To link with the threaded version, replace -lblas with either -lopenblasp0 or the full path to the library, currently /usr/lib64/libopenblasp.so.0 .
How much performance improvement is achieved? Here are some results on several representative machines; others were tested and give generally similar results according to the CPU speed.

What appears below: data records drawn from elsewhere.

lemma qfact2_eq_qpoch:
  assumes "0 < q"
  shows "qfact2 q n = qpoch (q\<^sup>2) (q\<^sup>2) n / (1 - q\<^sup>2) ^ n"
proof -
  have "qfact2 q n = (\<Prod>k<n. qnum2 q (real (Suc k)))"
    unfolding qfact2_def by (rule prod.reindex_bij_witness[of _ Suc "\<lambda>k. k - 1"]) auto
  also have "\<dots> = (\<Prod>k<n. (1 - q\<^sup>2 * (q\<^sup>2) ^ k) / (1 - q\<^sup>2))"
    unfolding qnum2_of_nat[OF assms] by simp
  finally show ?thesis
    by (simp add: qpoch_def prod_dividef)
qed

lemma qpoch_half_series_term_eq_gauss_term:
  assumes "0 < q" "q < 1"
  shows "(qpoch_half q n)\<^sup>2 / (qfact2 q n * qfact2 q (n + 1)) * q ^ (2 * n)
         = gauss_term q q (q\<^sup>2 * q\<^sup>2) (q\<^sup>2) n"
proof -
  define t where "t = q\<^sup>2"
  have t: "0 < t" "t < 1"
    using assms by (simp_all add: t_def power_less_one_iff)
  have "t * t < 1"
    using mult_strict_mono[of t 1 t 1] t by simp
  with t have pos: "0 < qpoch t t n" "0 < qpoch (t * t) t n"
    by (intro qpoch_pos; simp)+
  have "(t * t / (q * q)) ^ n = q ^ (2 * n)"
    using assms by (simp add: t_def power_mult power2_eq_square)
  then show ?thesis
    unfolding qpoch_half_eq_qpoch[OF assms(1)] qfact2_eq_qpoch[OF assms(1)] Suc_eq_plus1[symmetric]
      qpoch_Suc_shift gauss_term_def t_def[symmetric]
    using pos t by (simp add: field_simps power2_eq_square)
qed

lemma pi_q_eq_qpoch_inf:
  assumes "0 < q" "q < 1"
  defines "t \<equiv> q\<^sup>2"
  shows "(1 + q)\<^sup>2 * q powr (1/4) / pi_q q
         = (qpoch_inf (q * t) t)\<^sup>2 / (qpoch_inf (t * t) t * qpoch_inf t t)"
proof -
  define A B where "A = qpoch_inf q t" and "B = qpoch_inf t t"
  have "q\<^sup>2 < 1"
    using assms by (simp add: power_less_one_iff)
  then have t: "0 \<le> t" "t < 1" "1 - q\<^sup>2 \<noteq> 0"
    by (simp_all add: t_def)
  then have "0 < A" "0 < B" "0 < q powr (1/4)"
    using assms by (simp_all add: A_def B_def qpoch_inf_pos)
  have qt: "qpoch_inf (q * t) t = A / (1 - q)" and tt: "qpoch_inf (t * t) t = B / (1 - t)"
    using assms(2) t by (simp_all add: A_def B_def qpoch_inf_shift[of t q] qpoch_inf_shift[of t t])
  have pi: "pi_q q = (1 - t) * q powr (1/4) * B\<^sup>2 / A\<^sup>2"
    by (simp add: pi_q_def A_def B_def t_def)
  from \<open>0 < A\<close> \<open>0 < B\<close> \<open>0 < q powr (1/4)\<close> t assms show ?thesis
    unfolding qt tt pi B_def[symmetric] unfolding t_def by (simp add: divide_simps) algebra
qed

theorem mainTheorem5:
  fixes q :: real
  assumes "0 < q" and "q < 1"
  shows "(\<lambda>n. (qpoch_half q n)\<^sup>2 / (qfact2 q n * qfact2 q (n + 1)) * q ^ (2 * n))
           sums ((1 + q)\<^sup>2 * q powr (1/4) / pi_q q)"
proof -
  define t where "t = q\<^sup>2"
  have t: "0 < t" "t < 1" "t * t < 1"
    using assms mult_strict_mono[of t 1 t 1] by (simp_all add: t_def power_less_one_iff)
  have "q * q = t" "t * t / q = q * t" "t * t / (q * q) = t"
    using assms by (simp_all add: t_def power2_eq_square)
  moreover have "gauss_term q q (t * t) t sums
      (qpoch_inf (t * t / q) t * qpoch_inf (t * t / q) t
       / (qpoch_inf (t * t) t * qpoch_inf (t * t / (q * q)) t))"
    using t \<open>q * q = t\<close> by (intro q_gauss_sum) auto
  ultimately have "gauss_term q q (t * t) t sums
               ((qpoch_inf (q * t) t)\<^sup>2 / (qpoch_inf (t * t) t * qpoch_inf t t))"
    by (simp add: power2_eq_square)
  then show ?thesis
    unfolding qpoch_half_series_term_eq_gauss_term[OF assms] pi_q_eq_qpoch_inf[OF assms]
      t_def[symmetric] .
qed

end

DGEMM | DGESV | DGEEV | |||||
---|---|---|---|---|---|---|---|
Host | N | Sec/N3 | N | Sec/N3 | N | Sec/N3 | BLAS |
achilles | 2529 | 6.536e-10 | 3626 | 1.819e-10 | 1078 | 4.604e-09 | Stock |
5633 | 4.643e-11 | 7321 | 1.750e-11 | 1668 | 1.128e-09 | OpenBLAS | |
7278 | 1.494e-11 | 7299 | 6.179e-12 | 1321 | 1.317e-09 | OpenBLAS pthread | |
joshua02 | 1976 | 1.191e-09 | 2893 | 3.555e-10 | 864 | 8.808e-09 | Stock |
3454 | 1.826e-10 | 5046 | 6.166e-11 | 1228 | 2.447e-09 | OpenBLAS | |
6581 | 1.886e-11 | 8709 | 7.105e-12 | 1076 | 2.042e-09 | OpenBLAS pthread | |
nemo01 | 1577 | 2.487e-09 | 2269 | 7.958e-10 | 687 | 1.918e-08 | Stock |
2806 | 3.406e-10 | 3746 | 1.211e-10 | 906 | 7.384e-09 | OpenBLAS | |
3447 | 1.772e-10 | 4476 | 6.600e-11 | 838 | 7.658e-09 | OpenBLAS pthread | |
Diamond | 2212 | 8.592e-10 | 3076 | 2.825e-10 | 896 | 7.727e-09 | Stock |
4384 | 9.928e-11 | 5949 | 3.550e-11 | 1404 | 1.808e-09 | OpenBLAS | |
4867 | 6.215e-11 | 6539 | 2.290e-11 | 920 | 3.531e-09 | OpenBLAS pthread |
How much speedup was there, as a ratio?
Host | DGEMM | DGESV | DGEEV | Comparison |
---|---|---|---|---|
achilles | 14.08 | 10.39 | 4.08 | OpenBLAS/stock |
43.75 | 29.44 | 3.50 | pthread/stock | |
3.11 | 2.83 | 0.86 | pthread (4x)/1 core | |
joshua02 | 6.52 | 5.77 | 3.60 | OpenBLAS/stock |
63.15 | 50.04 | 4.31 | pthread/stock | |
9.68 | 8.68 | 1.20 | pthread (6x)/1 core | |
nemo01 | 7.30 | 6.57 | 2.60 | OpenBLAS/stock |
14.03 | 12.06 | 2.50 | pthread/stock | |
1.92 | 1.83 | 0.96 | pthread (1x)/1 core | |
Diamond | 8.65 | 7.96 | 4.27 | OpenBLAS/stock |
13.82 | 12.34 | 2.19 | pthread/stock | |
1.60 | 1.55 | 0.51 | pthread (2x)/1 core |
So in summary, DGEMM (matrix multiply) speeds up by 7x to 14x, the newer and faster machines getting more benefit. DGESV (linear equations) speeds up by 6x to 10x; for some reason Joshua has the least benefit. DGEEV (eigenvectors) speeds up by 2.6x to 4x, the faster machines doing better.
As for threading, the most spectacular was 63x with matrix multiplication on Joshua02 (6 cores). OpenBLAS promises to avoid using Intel hyperthread, that is, it should limit the number of threads to the number of cores (not doubled), to avoid the overhead of spawning threads that cannot bring any benefit. However, hyper CPUs were fully utilized. For DGEMM (matrix multiply) and DGESV (linear equations) the speedup versus serial OpenBLAS was roughly proportional to the number of cores -- very roughly, and the overhead of recruiting threads is clear. In fact, Joshua02 speeds up more than the number of cores; likely OpenBLAS is not optimal for its cache configuration and when the problem is sliced up for threading it becomes more cache-friendly. But for DGEEV (eigenvectors) only Joshua02 ran a bit faster with threading, a disappointing result.
So my conclusion is, serial OpenBLAS is very successful as a drop-in replacement for the stock BLAS, and pthreaded OpenBLAS can give spectacular performance for particular kinds of problems. But the user needs to compare his or her particular algorithm with and without threading. Also, manual threading, i.e. multiple non-interacting single thread jobs, can be very effective with little effort.